The 2016 Flight Fleet Forecast predicts the delivery of 42,800 new passenger and freight commercial aircraft over the next 20 years, worth almost $3 trillion in 2016 delivery values. About 63% of those deliveries – some 26,860 units – are expected to be single-aisle passenger aircraft, representing 46% of the overall delivery value.

Unsurprisingly, given their present market dominance of this sector, Airbus and Boeing are predicted to account for almost 90% of single-aisle deliveries through the forecast. But as Bombardier recently achieved delivery of its first CSeries to launch operator Swiss, cracks in the OEM duo­poly in this market segment are beginning to appear. Bombardier, Irkut and Comac between them are expected to achieve about 3,100 aircraft sales through 2035.

Fleet Forecast single-aisle graph

However, the significance of these new market entrants is expected to remain limited. While the CSeries is predicted to achieve deliveries across all eight of the geographical regions considered in the forecast, limited export sales of the emerging Irkut MC-21 and Comac C919 are foreseen.

More than 60% of MC-21 deliveries are expected to be to operators in Russia and the CIS, with C919 deliveries even more concentrated – Chinese operators taking close to 80%.

SUPPORT CHALLENGE

Both of these programmes may, on paper, offer economic and performance propositions to match the Airbus A320neo and the Boeing 737 Max. However, the challenge of creating global customer support and finance networks to overturn the incumbency enjoyed by Airbus and Boeing is expected to be too great for these OEMs to deliver the holistic product required by airlines globally.

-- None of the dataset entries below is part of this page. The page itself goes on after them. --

definition lie_subalgebra :: "(real^'n^'n) set \<Rightarrow> bool" where
  "lie_subalgebra g \<longleftrightarrow> subspace g \<and> (\<forall>A\<in>g. \<forall>B\<in>g. lie_bracket A B \<in> g)"

definition lie_ideal :: "(real^'n^'n) set \<Rightarrow> (real^'n^'n) set \<Rightarrow> bool" where
  "lie_ideal g I \<longleftrightarrow> subspace I \<and> I \<subseteq> g \<and> (\<forall>A\<in>g. \<forall>B\<in>I. lie_bracket A B \<in> I)"

definition derived_alg :: "(real^'n^'n) set \<Rightarrow> (real^'n^'n) set" where
  "derived_alg I = span {lie_bracket A B | A B. A \<in> I \<and> B \<in> I}"

definition lie_solvable :: "(real^'n^'n) set \<Rightarrow> bool" where
  "lie_solvable I \<longleftrightarrow> (\<exists>k. (derived_alg ^^ k) I = {0})"

definition semisimple :: "(real^'n^'n) set \<Rightarrow> bool" where
  "semisimple g \<longleftrightarrow> lie_subalgebra g \<and> (\<forall>I. lie_ideal g I \<and> lie_solvable I \<longrightarrow> I = {0})"

definition sl2 :: "(real^2^2) set" where
  "sl2 = {M. M$1$1 + M$2$2 = 0}"

definition sl2_bracket :: "real^2^2 \<Rightarrow> real^2^2 \<Rightarrow> real^2^2" where
  "sl2_bracket X Y = X ** Y - Y ** X"

definition sl2_H :: "real^2^2" where
  "sl2_H = (\<chi> i j. if i = j then (if i = 1 then 1 else -1) else 0)"

definition lie_hom_sl2 :: "(real^2^2 \<Rightarrow> real^'n^'n) \<Rightarrow> (real^'n^'n) set \<Rightarrow> bool" where
  "lie_hom_sl2 \<mu> g \<longleftrightarrow>
     \<mu> ` sl2 \<subseteq> g \<and>
     (\<forall>X\<in>sl2. \<forall>Y\<in>sl2. \<forall>s t. \<mu> (s *\<^sub>R X + t *\<^sub>R Y) = s *\<^sub>R \<mu> X + t *\<^sub>R \<mu> Y) \<and>
     (\<forall>X\<in>sl2. \<forall>Y\<in>sl2. \<mu> (sl2_bracket X Y) = lie_bracket (\<mu> X) (\<mu> Y))"

definition sl2_invariant :: "(real^2^2 \<Rightarrow> real^'n^'n) \<Rightarrow> (real^'n) set \<Rightarrow> bool" where
  "sl2_invariant \<mu> V \<longleftrightarrow> subspace V \<and> (\<forall>X\<in>sl2. \<forall>v\<in>V. \<mu> X *v v \<in> V)"
(* Let $f:\mathcal{WH}^\circ\to\mathcal{WBH}^\circ$ be a homotopy equivalence with homotopy inverse $g:\mathcal{WBH}^\circ\to\mathcal{WH}^\circ$. Then $f(hf(\mathcal{WH}^\circ))\subset hf(\mathcal{WBH}^\circ)$ and $g(hf(\mathcal{WBH}^\circ))\subset hf(\mathcal{WH}^\circ)$. The same inclusions hold for any homotopy equivalence $f:\mathcal{WH}\to\mathcal{WBH}$ with homotopy inverse $g$.
   Context: $hf(X)$ is the set of points $x\in X$ with $h_t(x)=x$ for all $t$ for every homotopy $h_t:X\to X$ with $h_0=\mathrm{id}_X$. Double broom $\mathcal{B}\subset\mathbb{R}^2$: $v=(0,0)$, $a_0=(0,1)$, $b_0=(0,-1)$, $a_n=(1/n,0)$, $b_n=(-1/n,0)$ ($n\ge1$), $\mathcal{B}=[v,a_0]\cup[v,b_0]\cup\bigcup_{n\ge1}([a_n,a_0]\cup[b_n,b_0])$ with center $v$. Hairy disk $\mathcal{H}$: the closed unit disk $D^2$ with center $c$, a countable dense subset $M=\{m_i\}$ of $\partial D^2$, and for each $i$ a copy $\mathcal{B}_{m_i}$ of $\mathcal{B}$ attached by its center at $m_i$, pairwise disjoint, meeting $D^2$ only in $m_i$, diameters tending to $0$. For disjoint $X,Y\subset\mathbb{R}^N$, $X\curlyvee_{x,y}Y=X\cup[x,y]\cup Y$ with $[x,y]$ an arc from $x\in X$ to $y\in Y$ whose interior misses $X\cup Y$. With $c(k)=(-1/k,0,0)$ and $\mathcal{H}(k)$ a copy of $\mathcal{H}$ of diameter $1/k$ in the plane $\{x=-1/k\}$ centered at $c(k)$: $\mathcal{WH}^\circ=\mathcal{H}(1)\curlyvee_{c(1),c(2)}\mathcal{H}(2)\curlyvee_{c(2),c(3)}\cdots$, $\mathcal{WBH}^\circ=\mathcal{B}\curlyvee_{b,c'(1)}\mathcal{H}'(1)\curlyvee_{c'(1),c'(2)}\mathcal{H}'(2)\cdots$ (with $b$ the center of the extra broom, $\mathcal{H}'(k),c'(k)$ analogous factors), $\mathcal{WH}=\mathcal{WH}^\circ\cup\{(0,0,0)\}$, $\mathcal{WBH}=\mathcal{WBH}^\circ\cup\{(0,0,0)\}$. *)

theory Defs
  imports "HOL-Analysis.Analysis"
begin

definition hf :: "'a::topological_space set \<Rightarrow> 'a set" where
  "hf X = {x \<in> X. \<forall>h. (continuous_on ({0..1::real} \<times> X) h \<and> h ` ({0..1} \<times> X) \<subseteq> X
                         \<and> (\<forall>y\<in>X. h (0, y) = y))
                      \<longrightarrow> (\<forall>t\<in>{0..1}. h (t, x) = x)}"

definition homotopy_equivalence_pair ::
  "'a::real_normed_vector set \<Rightarrow> 'b::real_normed_vector set \<Rightarrow> ('a \<Rightarrow> 'b) \<Rightarrow> ('b \<Rightarrow> 'a) \<Rightarrow> bool" where
  "homotopy_equivalence_pair X Y f g \<longleftrightarrow>
     continuous_on X f \<and> f ` X \<subseteq> Y \<and> continuous_on Y g \<and> g ` Y \<subseteq> X \<and>
     homotopic_with_canon (\<lambda>_. True) X X (g \<circ> f) id \<and>
     homotopic_with_canon (\<lambda>_. True) Y Y (f \<circ> g) id"

definition double_broom :: "(real \<times> real) set" where
  "double_broom =
     closed_segment (0,0) (0,1) \<union> closed_segment (0,0) (0,-1) \<union>
     (\<Union>n\<in>{1::nat..}. closed_segment (1 / real n, 0) (0, 1) \<union> closed_segment (- 1 / real n, 0) (0, -1))"

text \<open>Hairy disk built from an enumeration m of the countable dense set M of the unit circle
  and embeddings e i of the double broom (center sent to m i).\<close>
definition hairy_disk :: "(nat \<Rightarrow> real \<times> real) \<Rightarrow> (nat \<Rightarrow> real \<times> real \<Rightarrow> real \<times> real) \<Rightarrow> (real \<times> real) set" where
  "hairy_disk m e = cball 0 1 \<union> (\<Union>i. e i ` double_broom)"
lemma unbalanced_tail_le:
  fixes p L :: real and n :: nat
  assumes "0 \<le> p" "p \<le> 1" "0 \<le> L" "8 * L \<le> p * n"
  defines "\<alpha> \<equiv> 1 + 8 * sqrt (L / (p * n))"
  defines "\<gamma> \<equiv> (\<alpha> - 1) / (2 * (1 + \<alpha>))" and "\<rho> \<equiv> 1 / (1 + \<alpha>)"
  shows "2 * exp (4 * \<gamma> * \<rho>) * (1 - p + p * exp (-2 * \<gamma>\<^sup>2)) ^ (n - 1) \<le> 4 * exp (- L)"
proof -
  define r where "r = sqrt (L / (p * n))"
  have "0 \<le> r" and L: "L = p * n * r\<^sup>2"
    using assms by (auto simp: r_def)
  have "r\<^sup>2 \<le> (3/8)\<^sup>2"
    using assms by (cases "p * n = 0") (auto simp: r_def field_simps power2_eq_square)
  then have "r \<le> 3/8"
    by (rule power2_le_imp_le) simp
  have \<alpha>_r: "\<alpha> = 1 + 8 * r"
    by (simp add: \<alpha>_def r_def)
  note bounds = balance_parameter_bounds[OF \<open>0 \<le> r\<close> \<open>r \<le> 3/8\<close>, folded \<alpha>_r, folded \<gamma>_def \<rho>_def]
  have "L * (1 + 2 * \<gamma>\<^sup>2) \<le> p * n * (2 * \<gamma>\<^sup>2)"
    unfolding L using mult_left_mono[OF bounds(3), of "p * n"] assms(1) by (simp add: ac_simps)
  then have tail: "(1 - p + p * exp (-2 * \<gamma>\<^sup>2)) ^ (n - 1) \<le> exp (9/50 - L)"
    using binomial_mgf_le_exp[of p "2 * \<gamma>\<^sup>2" L n] assms(1,2) bounds(2) by simp
  have "exp (43/100 :: real) \<le> exp (ln 2)"
    using ln2_ge_two_thirds by (subst exp_le_cancel_iff) linarith
  have "2 * exp (4 * \<gamma> * \<rho>) * (1 - p + p * exp (-2 * \<gamma>\<^sup>2)) ^ (n - 1) \<le>
      2 * exp (1/4) * exp (9/50 - L)"
    using bounds(1) tail assms(1,2) by (intro mult_mono) auto
  also have "\<dots> = 2 * exp (43/100) * exp (- L)"
    by (simp flip: exp_add)
  also have "\<dots> \<le> 4 * exp (- L)"
    using \<open>exp (43/100) \<le> exp (ln 2)\<close> by simp
  finally show ?thesis .
qed

lemma prob_AC_pmf_balanced_splits_ge:
  fixes p L :: real
  assumes "0 \<le> p" "p \<le> 1" "0 \<le> L" "8 * L \<le> p * n"
  shows "measure_pmf.prob (AC_pmf n p) (balanced_splits (1 + 8 * sqrt (L / (p * n))))
    \<ge> 1 - 4 * exp (- L)"
proof -
  have "measure_pmf.prob (AC_pmf n p) (- balanced_splits (1 + 8 * sqrt (L / (p * n))))
      \<le> 4 * exp (- L)"
    by (rule order_trans[OF prob_AC_pmf_not_balanced_splits_le unbalanced_tail_le])
      (use assms in auto)
  then show ?thesis
    using measure_pmf.prob_compl[of "balanced_splits _" "AC_pmf n p"]
    by (simp add: Compl_eq_Diff_UNIV)
qed

lemma ln_four_div_le:
  fixes \<delta> :: real
  assumes "0 < \<delta>" "\<delta> \<le> 1"
  shows "ln (4 / \<delta>) \<le> 2 * ln (2 / \<delta>)"
proof -
  have "ln (4 / \<delta>) = ln 2 + ln (2 / \<delta>)"
    using assms(1) ln_mult[of 2 "2 / \<delta>"] by simp
  moreover have "ln 2 \<le> ln (2 / \<delta>)"
    using assms by (simp add: le_divide_eq)
  ultimately show ?thesis
    by simp
qed
(* Let $M,X$ be metric spaces with $\#M\ge3$ and $r:=d_{GH}(M,X)<s(M)/2$. Let $d$ be a real number with $r<d\le s(M)/2$. Then: (1) there exists a correspondence $R\in\mathcal{R}(M,X)$ with $\operatorname{dis}R<2d\le s(M)$; (2) for each such $R$, the family $D_R=\{X_i:=R(i)\}_{i\in M}$ is a partition of $X$ (the sets $X_i$ are nonempty, pairwise disjoint and cover $X$); (3) for all $i,j\in M$ (possibly equal) and all $x_i\in X_i$, $x_j\in X_j$, one has $||x_ix_j|-|ij||<2d\le s(M)$; (4) $\operatorname{diam}X_i<2d\le s(M)$ for all $i\in M$; (5) if $d\le s(M)/4$, then the partition $D_R$ is uniquely determined: if $R'\in\mathcal{R}(M,X)$ also satisfies $\operatorname{dis}R'<2d$, then $D_{R'}=D_R$; (6) if $d\le\min\{s(M)/4,e(M)/4\}$, then the correspondence $R\in\mathcal{R}(M,X)$ with $\operatorname{dis}R<2d$ is unique; consequently $R$ is optimal, $\operatorname{dis}R=2d_{GH}(M,X)$, $\operatorname{diam}X_i\le\operatorname{dis}R$ for all $i$, and $||x_ix_j|-|ij||\le\operatorname{dis}R$ for all $i\ne j$, $x_i\in X_i$, $x_j\in X_j$.
   Context: For sets $X,Y$, a correspondence is a relation $R\subset X\times Y$ whose projections to $X$ and $Y$ are both surjective; $\mathcal{R}(X,Y)$ is the set of correspondences, and $R(x)=\{y:(x,y)\in R\}$. For metric spaces, the distortion is $\operatorname{dis}R=\sup\{||xx'|-|yy'||:(x,y),(x',y')\in R\}$, and the Gromov–Hausdorff distance satisfies $d_{GH}(X,Y)=\frac12\inf\{\operatorname{dis}R: R\in\mathcal{R}(X,Y)\}$; $R$ is optimal if $\operatorname{dis}R=2d_{GH}(X,Y)$. For a metric space $M$ with $\#M\ge3$: $s(M)=\inf\{|xx'|: x\ne x'\}$; $S(M)$ is the set of bijections $M\to M$ and $e(M)=\inf\{\operatorname{dis}f: f\in S(M), f\ne\mathrm{id}\}$, where $\operatorname{dis}f=\sup_{x,x'}||xx'|-|f(x)f(x')||$ (the distortion of the graph of $f$). *)

theory Defs
  imports "HOL-Analysis.Analysis"
begin

definition correspondence :: "'a set \<Rightarrow> 'b set \<Rightarrow> ('a \<times> 'b) set \<Rightarrow> bool" where
  "correspondence M X R \<longleftrightarrow> R \<subseteq> M \<times> X \<and> fst ` R = M \<and> snd ` R = X"

definition dis :: "('a \<Rightarrow> 'a \<Rightarrow> real) \<Rightarrow> ('b \<Rightarrow> 'b \<Rightarrow> real) \<Rightarrow> ('a \<times> 'b) set \<Rightarrow> ereal" where
  "dis dM dX R = (SUP p\<in>R. SUP q\<in>R. ereal \<bar>dM (fst p) (fst q) - dX (snd p) (snd q)\<bar>)"
lemma chain_elem_in_Pn: "c \<in> Tn n \<Longrightarrow> chain_elem b c \<in> Pn n"
proof (induction n arbitrary: c b)
  case 0
  then show ?case by (simp add: Tn_0)
next
  case (Suc n)
  show ?case
  proof (cases "n = 0")
    case True
    with Suc.prems show ?thesis by (auto simp: Tn_1 Pn_1 chain_elem_single)
  next
    case False
    with Suc.prems obtain d i where "c = d @ [i]" "d \<in> Tn n" "i < 4"
      by (auto elim: Tn_SucE)
    with Suc.IH show ?thesis by (simp add: chain_elem_snoc Tn_not_Nil Pn_snoc_iff)
  qed
qed

lemma chain_elem_inj:
  "c \<in> Tn n \<Longrightarrow> c' \<in> Tn n \<Longrightarrow> chain_elem b c = chain_elem b' c' \<Longrightarrow> b = b' \<and> c = c'"
proof (induction n arbitrary: c c' b b')
  case 0
  then show ?case by (simp add: Tn_0)
next
  case (Suc n)
  show ?case
  proof (cases "n = 0")
    case True
    with Suc.prems have "c \<in> {[0], [1]}" "c' \<in> {[0], [1]}" by (simp_all add: Tn_1)
    with Suc.prems(3) show ?thesis by (cases b; cases b'; auto simp: chain_elem_single)
  next
    case False
    then have "0 < n" by simp
    obtain d i where c: "c = d @ [i]" "d \<in> Tn n" "i < 4"
      using Tn_SucE[OF \<open>0 < n\<close> Suc.prems(1)] by blast
    obtain d' i' where c': "c' = d' @ [i']" "d' \<in> Tn n" "i' < 4"
      using Tn_SucE[OF \<open>0 < n\<close> Suc.prems(2)] by blast
    let ?b = "if i < 2 then b else i = 3" and ?b' = "if i' < 2 then b' else i' = 3"
    have "chain_elem ?b d = chain_elem ?b' d'"
      and last: "(if i < 2 then i else if b then 3 else 2) = (if i' < 2 then i' else if b' then 3 else (2::nat))"
      using Suc.prems(3) c c' by (simp_all add: chain_elem_snoc Tn_not_Nil)
    then have "?b = ?b'" "d = d'"
      using Suc.IH[OF c(2) c'(2)] by simp_all
    then show ?thesis
      using chain_step_inj[OF c(3) c'(3) _ last] c c' by simp
  qed
qed

lemma chain_elem_surj: "0 < n \<Longrightarrow> z \<in> Pn n \<Longrightarrow> \<exists>c\<in>Tn n. \<exists>b. z = chain_elem b c"
proof (induction n arbitrary: z rule: nat_induct_non_zero)
  case 1
  then obtain i where "i < 4" "z = [i]" by (auto simp: Pn_1)
  moreover have "[i] = chain_elem (odd i) [i div 2]"
    by (simp add: chain_elem_single)
  moreover have "[i div 2] \<in> Tn (Suc 0)"
    using \<open>i < 4\<close> by (simp add: Tn_1; arith)
  ultimately show ?case
    unfolding One_nat_def by blast
next
  case (Suc n)
  then obtain m i where z: "z = m @ [i]" "m \<in> Pn n" "i < 4" by (auto elim: Pn_SucE)
  then obtain c b where c: "c \<in> Tn n" "m = chain_elem b c" using Suc.IH by blast
  show ?case
  proof (cases "i < 2")
    case True
    then show ?thesis
      using c z Suc.hyps
      by (intro bexI[of _ "c @ [i]"] exI[of _ b]) (simp_all add: chain_elem_snoc Tn_not_Nil Tn_snoc_iff)
  next
    case False
    then show ?thesis
      using c z Suc.hyps
      by (intro bexI[of _ "c @ [if b then 3 else 2]"] exI[of _ "i = 3"])
        (simp_all add: chain_elem_snoc Tn_not_Nil Tn_snoc_iff)
  qed
qed

definition covers_23 :: "nat \<Rightarrow> nat list \<Rightarrow> nat list \<Rightarrow> nat \<Rightarrow> bool" where
  "covers_23 n x y l \<longleftrightarrow> (\<forall>k<l. x ! k = y ! k) \<and> x ! l = 2 \<and> y ! l = 3
     \<and> (\<forall>k. l < k \<and> k < n \<longrightarrow> x ! k = y ! k \<and> x ! k \<in> {0,1})"

definition covers_01 :: "nat \<Rightarrow> nat list \<Rightarrow> nat list \<Rightarrow> bool" where
  "covers_01 n x y \<longleftrightarrow> 0 < n \<and> x ! 0 = 0 \<and> y ! 0 = 1
     \<and> (\<forall>k. 1 \<le> k \<and> k < n \<longrightarrow> x ! k = y ! k \<and> x ! k \<in> {0,1})"

lemma leqn_iff_covers: "leqn n x y \<longleftrightarrow> x = y \<or> (\<exists>l<n. covers_23 n x y l) \<or> covers_01 n x y"
  unfolding leqn_def covers_23_def covers_01_def ..

lemma covers_23_snoc:
  assumes "length m = n" "length z = n" "l < Suc n"
  shows "covers_23 (Suc n) (m @ [i]) (z @ [j]) l \<longleftrightarrow>
           (l = n \<and> m = z \<and> i = 2 \<and> j = 3) \<or> (l < n \<and> i = j \<and> i < 2 \<and> covers_23 n m z l)"
proof (cases "l = n")
  case True
  with assms show ?thesis
    by (auto simp: covers_23_def nth_append list_eq_iff_nth_eq)
next
  case False
  with assms have "l < n" by simp
  with assms show ?thesis
    by (auto simp: covers_23_def nth_append less_Suc_eq)
qed

lemma covers_01_snoc:
  assumes "length m = n" "length z = n" "0 < n"
  shows "covers_01 (Suc n) (m @ [i]) (z @ [j]) \<longleftrightarrow> i = j \<and> i < 2 \<and> covers_01 n m z"
  using assms by (auto simp: covers_01_def nth_append less_Suc_eq)
lemma rw_root:
  assumes "sqrt 3 < w"
  shows "1 < rw w \<and> (rw w)^3 - (w/(1+w))*(rw w)^2 - w/(3+w) = 0"
  unfolding rw_def by (rule theI'[OF rw_ex1[OF assms]])

lemma rw_eqI:
  assumes "sqrt 3 < w" "1 < r" "r^3 - (w/(1+w))*r^2 - w/(3+w) = 0"
  shows "rw w = r"
  using rw_ex1 rw_root assms by blast

lemma strict_mono_on_rw: "strict_mono_on {sqrt 3<..} rw"
proof (rule strict_mono_onI)
  fix w w' :: real
  assume "w \<in> {sqrt 3<..}" "w' \<in> {sqrt 3<..}" "w < w'"
  then have w: "sqrt 3 < w" and w': "sqrt 3 < w'" and "0 \<le> w" "0 \<le> w'"
    using sqrt_3_less_imp_pos by force+
  have "w/(1+w) < w'/(1+w')" "w/(3+w) < w'/(3+w')"
    using strict_mono_on_divide_add[of 1] strict_mono_on_divide_add[of 3] \<open>w < w'\<close> \<open>0 \<le> w\<close> \<open>0 \<le> w'\<close>
    by (auto simp: strict_mono_on_def)
  moreover have "w'/(1+w') \<le> 1" using \<open>0 \<le> w'\<close> by simp
  ultimately show "rw w < rw w'"
    using rw_root[OF w] rw_root[OF w'] cubic_root_less[of "w/(1+w)" "w'/(1+w')" "w/(3+w)" "w'/(3+w')" "rw w" "rw w'"]
    by simp
qed
lemma colour_component_eq:
  assumes "S \<subseteq> {..<N}" "u \<in> S" "w \<in> colour_component g S u"
  shows "colour_component g S w = colour_component g S u"
proof -
  let ?K = "colour_component g S"
  have wS: "w \<in> S" using assms colour_component_subset by blast
  have "?K w \<subseteq> ?K u" using colour_component_least colour_component_closed assms by blast
  moreover have "u \<in> ?K w"
  proof (rule ccontr)
    assume "u \<notin> ?K w"
    then have "colour_closed g S (?K u - ?K w)" "u \<in> ?K u - ?K w"
      using colour_closed_Diff colour_component_closed assms wS mem_colour_component by auto
    then have "?K u \<subseteq> ?K u - ?K w" using colour_component_least by blast
    then show False using assms(3) mem_colour_component wS by blast
  qed
  then have "?K u \<subseteq> ?K w" using colour_component_least colour_component_closed wS by blast
  ultimately show ?thesis by auto
qed

lemma colour_component_disjoint:
  assumes "S \<subseteq> {..<N}" "u \<in> S" "w \<in> S" "w \<notin> colour_component g S u"
    "t \<in> colour_component g S w"
  shows "t \<notin> colour_component g S u"
  using colour_component_eq[OF assms(1)] mem_colour_component assms by metis

lemma colour_component_sym:
  assumes "S \<subseteq> {..<N}" "u \<in> S" "w \<in> S" "w \<notin> colour_component g S u"
  shows "u \<notin> colour_component g S w"
  using colour_component_disjoint[OF assms] mem_colour_component[OF assms(2)] by blast
definition product_state :: "nat \<Rightarrow> (nat \<Rightarrow> state) \<Rightarrow> state" where
  "product_state n F N = (if \<forall>k\<ge>4 * n. N k = 0 then \<Prod>i<n. F i (block_occ n i N) else 0)"

lemma block_mode_less: "i < n \<Longrightarrow> r < 4 \<Longrightarrow> block_mode n i r < 4 * n"
  by (auto simp: block_mode_def)

lemma double_add_bit_inj: "(b::nat) < 2 \<Longrightarrow> c < 2 \<Longrightarrow> 2 * a + b = 2 * d + c \<Longrightarrow> a = d \<and> b = c"
  by presburger

lemma block_mode_inj:
  assumes "i < n" "j < n" "r < 4" "s < 4" and eq: "block_mode n i r = block_mode n j s"
  shows "i = j \<and> r = s"
proof -
  have "r < 2 \<longleftrightarrow> s < 2"
    using assms unfolding block_mode_def by (auto split: if_splits)
  then consider "r < 2" "s < 2" | "\<not> r < 2" "\<not> s < 2" by blast
  then show ?thesis
  proof cases
    case 1
    then show ?thesis using eq double_add_bit_inj[of r s i j] by (simp add: block_mode_def)
  next
    case 2
    then have "2 * i + (r - 2) = 2 * j + (s - 2)" using eq by (simp add: block_mode_def)
    with 2 show ?thesis using assms(3,4) double_add_bit_inj[of "r - 2" "s - 2" i j] by linarith
  qed
qed

lemma block_mode_surj: "k < 4 * n \<Longrightarrow> \<exists>i<n. \<exists>r<4. k = block_mode n i r"
proof (cases "k < 2 * n")
  case True
  then show ?thesis
    by (intro exI[of _ "k div 2"] conjI exI[of _ "k mod 2"]) (auto simp: block_mode_def)
next
  case False
  assume "k < 4 * n"
  with False show ?thesis
    by (intro exI[of _ "(k - 2 * n) div 2"] conjI exI[of _ "2 + (k - 2 * n) mod 2"]) (auto simp: block_mode_def)
qed

lemma product_state_cong:
  assumes "\<And>i. i < n \<Longrightarrow> F i = G i"
  shows "product_state n F = product_state n G"
proof -
  have "(\<Prod>i<n. F i (block_occ n i N)) = (\<Prod>i<n. G i (block_occ n i N))" for N
    by (rule prod.cong) (simp_all add: assms)
  then show ?thesis unfolding product_state_def by (simp only:)
qed

lemma product_state_fun_upd_block:
  assumes i: "i < n" and rs: "r < 4" "s < 4" "r \<noteq> s"
  shows "product_state n G (N(block_mode n i r := a, block_mode n i s := b))
    = (if \<forall>k\<ge>4 * n. N k = 0
       then G i ((block_occ n i N)(r := a, s := b)) * (\<Prod>j\<in>{..<n} - {i}. G j (block_occ n j N))
       else 0)"
proof -
  let ?N = "N(block_mode n i r := a, block_mode n i s := b)"
  have same: "block_mode n i t = block_mode n i t' \<longleftrightarrow> t = t'" if "t < 4" "t' < 4" for t t'
    using block_mode_inj[OF i i that] by blast
  have apart: "block_mode n j t \<noteq> block_mode n i t'" if "j < n" "j \<noteq> i" "t < 4" "t' < 4" for j t t'
    using block_mode_inj[OF that(1) i that(3,4)] that(2) by blast
  have local: "block_occ n i ?N = (block_occ n i N)(r := a, s := b)"
    using rs by (auto simp: block_occ_def fun_eq_iff same)
  have "block_occ n j ?N = block_occ n j N" if "j < n" "j \<noteq> i" for j
    using rs by (auto simp: block_occ_def fun_eq_iff apart[OF that])
  then have others: "(\<Prod>j\<in>{..<n} - {i}. G j (block_occ n j ?N)) = (\<Prod>j\<in>{..<n} - {i}. G j (block_occ n j N))"
    by (intro prod.cong) auto
  have "?N k = N k" if "4 * n \<le> k" for k
    using that block_mode_less[OF i rs(1)] block_mode_less[OF i rs(2)] by simp
  then have supp: "(\<forall>k\<ge>4 * n. ?N k = 0) \<longleftrightarrow> (\<forall>k\<ge>4 * n. N k = 0)"
    by simp
  have "(\<Prod>j<n. G j (block_occ n j ?N)) = G i (block_occ n i ?N) * (\<Prod>j\<in>{..<n} - {i}. G j (block_occ n j ?N))"
    using i by (simp add: prod.remove)
  then show ?thesis
    unfolding product_state_def supp local others by (simp only:)
qed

The basic premise of the single-aisle forecast is that Airbus and Boeing retain market dominance in the face of this emerging competition, even if not quite in the form of the duopoly we see today. Their own view of this position is evident as they increase production from today’s 44 and 42 aircraft a month, respectively, to 60 and 57 by the end of 2019.

But the Fleet Forecast signals potential risk in both companies’ rate growth plans. Global passenger traffic is modelled to increase at a compound annual growth rate (CAGR) of 5% through 2035. Growth for the period 2016-2020 is predicted to be above the long-term trend at a CAGR of 5.7%. If this global traffic growth is achieved, the current traffic expansion cycle, which began in 2010, will have lasted 11 years and yielded a CAGR of 6.4%.

Fleet Forecast single-aisle graph 2

Of course, all cycles are different, but the prior two expansion cycles – 1992-2000 and 2004-2008 – were each shorter, albeit that each did bring higher CAGRs at 7.1% each. Those expansion cycles also both ended with periods of global traffic contraction. In the case of 1992-2000, there followed three years with a CAGR of -0.6%. The 2004-2008 cycle was followed by a 1.6% decline in 2009.

With potential signs of softening demand beginning to emerge in some of FlightGlobal’s cycle metrics in 2016, the risk that the cycle will not endure at the required level of growth for another five years appears high, as does the risk inherent in Airbus’s and Boeing’s rate-growth plans.

DELIVERY SCENARIO

The Fleet Forecast projects that Airbus and Boeing will increase deliveries to 55 and 50 aircraft a month, respectively, by 2019. In other words, under our base-case scenario, 60 and 57 appear to be increases too far.

However, the manufacturers hold record single-aisle backlogs, and are highly incentivised to increase production. Thus, there appears to be a high probability that both will press ahead with these rate increases and deliver more aircraft than is justified by our demand and supply analysis. If this happens, our prediction of 2,230 single-aisle retirements over the next five years may be conservative. The consequence would be that potentially many mid-life and older aircraft are prematurely removed from service to offset surplus aircraft rolling off the Airbus and Boeing production lines.

The final thought in this regard should be left to the OEMs’ own forecasts. Airbus and Boeing published new outlooks at the Farnborough air show in July, predicting demand for 23,531 and 28,140 passenger single-aisle aircraft, respectively, through 2035. As Airbus and Boeing achieve and then sustain a production rate of 60 and 57 aircraft a month post-2019, single-aisle output from these two lines alone through 2035 would be around 26,620 aircraft. It seems these increases are not justified by their own observations of long-term demand trends.